§ AIM OF THE EXERCISE:
Please return every line of the records below that contains the word "auto".

MATERIAL SHOWN section start

lemma smooth_on_family:
  assumes "open U"
    and cont: "\<And>a. Q a \<Longrightarrow> continuous_on U (\<lambda>(x, y, z, t). \<Phi> a x y z t)"
    and diff: "\<And>a i x y z t. Q a \<Longrightarrow> i \<le> 3 \<Longrightarrow> (x, y, z, t) \<in> U \<Longrightarrow> pdiff i (\<Phi> a) x y z t"
    and pd_closed: "\<And>a i. Q a \<Longrightarrow> i \<le> 3 \<Longrightarrow>
      (\<exists>b. Q b \<and> (\<forall>(x, y, z, t)\<in>U. pd i (\<Phi> a) x y z t = \<Phi> b x y z t)) \<or>
      (\<exists>g. smooth_on U g \<and> (\<forall>(x, y, z, t)\<in>U. pd i (\<Phi> a) x y z t = g x y z t))"
    and "Q a"
  shows "smooth_on U (\<Phi> a)"
proof -
  define regular where "regular f \<longleftrightarrow> continuous_on U (\<lambda>(x, y, z, t). f x y z t) \<and>
    (\<forall>i\<le>3. \<forall>(x, y, z, t)\<in>U. pdiff i f x y z t)" for f
  have regular_cong: "regular (iter_pd ds f)"
    if "regular (iter_pd ds g)" "\<forall>(x, y, z, t)\<in>U. f x y z t = g x y z t" for ds f g
  proof -
    note eq = iter_pd_cong_on[OF \<open>open U\<close> that(2), of ds]
    have "continuous_on U (\<lambda>(x, y, z, t). iter_pd ds g x y z t)"
      using that(1) by (simp add: regular_def)
    then have "continuous_on U (\<lambda>(x, y, z, t). iter_pd ds f x y z t)"
      by (rule continuous_on_eq) (use eq in auto)
    then show ?thesis
      using that(1) pdiff_cong_on[OF \<open>open U\<close> eq] unfolding regular_def by fastforce
  qed
  have smooth_iff: "smooth_on U f \<longleftrightarrow> (\<forall>ds. set ds \<subseteq> {0..3} \<longrightarrow> regular (iter_pd ds f))" for f
    by (simp add: smooth_on_def regular_def)
  have regular_iter: "regular (iter_pd ds (\<Phi> a))" if "set ds \<subseteq> {0..3}" "Q a" for ds a
    using that
  proof (induction ds arbitrary: a rule: rev_induct)
    case Nil
    then show ?case
      using cont[OF \<open>Q a\<close>] diff[OF \<open>Q a\<close>] by (auto simp: regular_def iter_pd_def)
  next
    case (snoc i ds)
    then have i: "i \<le> 3" and ds: "set ds \<subseteq> {0..3}"
      by auto
    from pd_closed[OF \<open>Q a\<close> i] show ?case
    proof (elim disjE exE conjE)
      fix b
      assume "Q b" and eq: "\<forall>(x, y, z, t)\<in>U. pd i (\<Phi> a) x y z t = \<Phi> b x y z t"
      have "regular (iter_pd ds (\<Phi> b))"
        using snoc.IH[OF ds \<open>Q b\<close>] .
      then show ?thesis
        unfolding iter_pd_snoc by (rule regular_cong[OF _ eq])
    next
      fix g
      assume "smooth_on U g" and eq: "\<forall>(x, y, z, t)\<in>U. pd i (\<Phi> a) x y z t = g x y z t"
      then have "regular (iter_pd ds g)"
        using ds unfolding smooth_iff by blast
      then show ?thesis
        unfolding iter_pd_snoc by (rule regular_cong[OF _ eq])
    qed
  qed
  then show ?thesis
    using \<open>Q a\<close> by (simp add: smooth_iff)
qed

lemma smooth_on_const:
  assumes "open U"
  shows "smooth_on U (\<lambda>x y z t. c)"
proof (rule smooth_on_family[where Q = "\<lambda>_. True" and \<Phi> = "\<lambda>c x y z t. c"])
  show "pdiff i (\<lambda>x y z t. c) x y z t" for c i x y z t
    by (simp add: pdiff_def)
  show "(\<exists>b. True \<and> (\<forall>(x, y, z, t)\<in>U. pd i (\<lambda>x y z t. c) x y z t = b)) \<or>
      (\<exists>g. smooth_on U g \<and> (\<forall>(x, y, z, t)\<in>U. pd i (\<lambda>x y z t. c) x y z t = g x y z t))" for c i
    by (rule disjI1, rule exI[of _ 0]) (simp add: pd_def)
qed (simp_all add: assms)

lemma
  assumes "smooth_on U f" "smooth_on U g" "(x, y, z, t) \<in> U" "i \<le> 3"
  shows pd_add_scaled: "pd i (\<lambda>x y z t. f x y z t + c * g x y z t) x y z t = pd i f x y z t + c * pd i g x y z t"
    and pdiff_add_scaled: "pdiff i (\<lambda>x y z t. f x y z t + c * g x y z t) x y z t"
proof -
  note F = smooth_on_partials[OF assms(1,3)] and G = smooth_on_partials[OF assms(2,3)]
  have "((\<lambda>s. f s y z t + c * g s y z t) has_field_derivative dX f x y z t + c * dX g x y z t) (at x)"
    "((\<lambda>s. f x s z t + c * g x s z t) has_field_derivative dY f x y z t + c * dY g x y z t) (at y)"
    "((\<lambda>s. f x y s t + c * g x y s t) has_field_derivative dZ f x y z t + c * dZ g x y z t) (at z)"
    "((\<lambda>s. f x y z s + c * g x y z s) has_field_derivative dT f x y z t + c * dT g x y z t) (at t)"
    by (rule DERIV_add[OF F(1) DERIV_cmult[OF G(1)]] DERIV_add[OF F(2) DERIV_cmult[OF G(2)]]
        DERIV_add[OF F(3) DERIV_cmult[OF G(3)]] DERIV_add[OF F(4) DERIV_cmult[OF G(4)]])+
  from partials_imp_pd_pdiff[where D = "\<lambda>i. pd i f x y z t + c * pd i g x y z t", OF this assms(4)]
  show "pd i (\<lambda>x y z t. f x y z t + c * g x y z t) x y z t = pd i f x y z t + c * pd i g x y z t"
    "pdiff i (\<lambda>x y z t. f x y z t + c * g x y z t) x y z t"
    by simp_all
qed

MATERIAL SHOWN section end

§ SOLUTION TO THIS EXERCISE:
      by (rule continuous_on_eq) (use eq in auto)
      using cont[OF \<open>Q a\<close>] diff[OF \<open>Q a\<close>] by (auto simp: regular_def iter_pd_def)
      by auto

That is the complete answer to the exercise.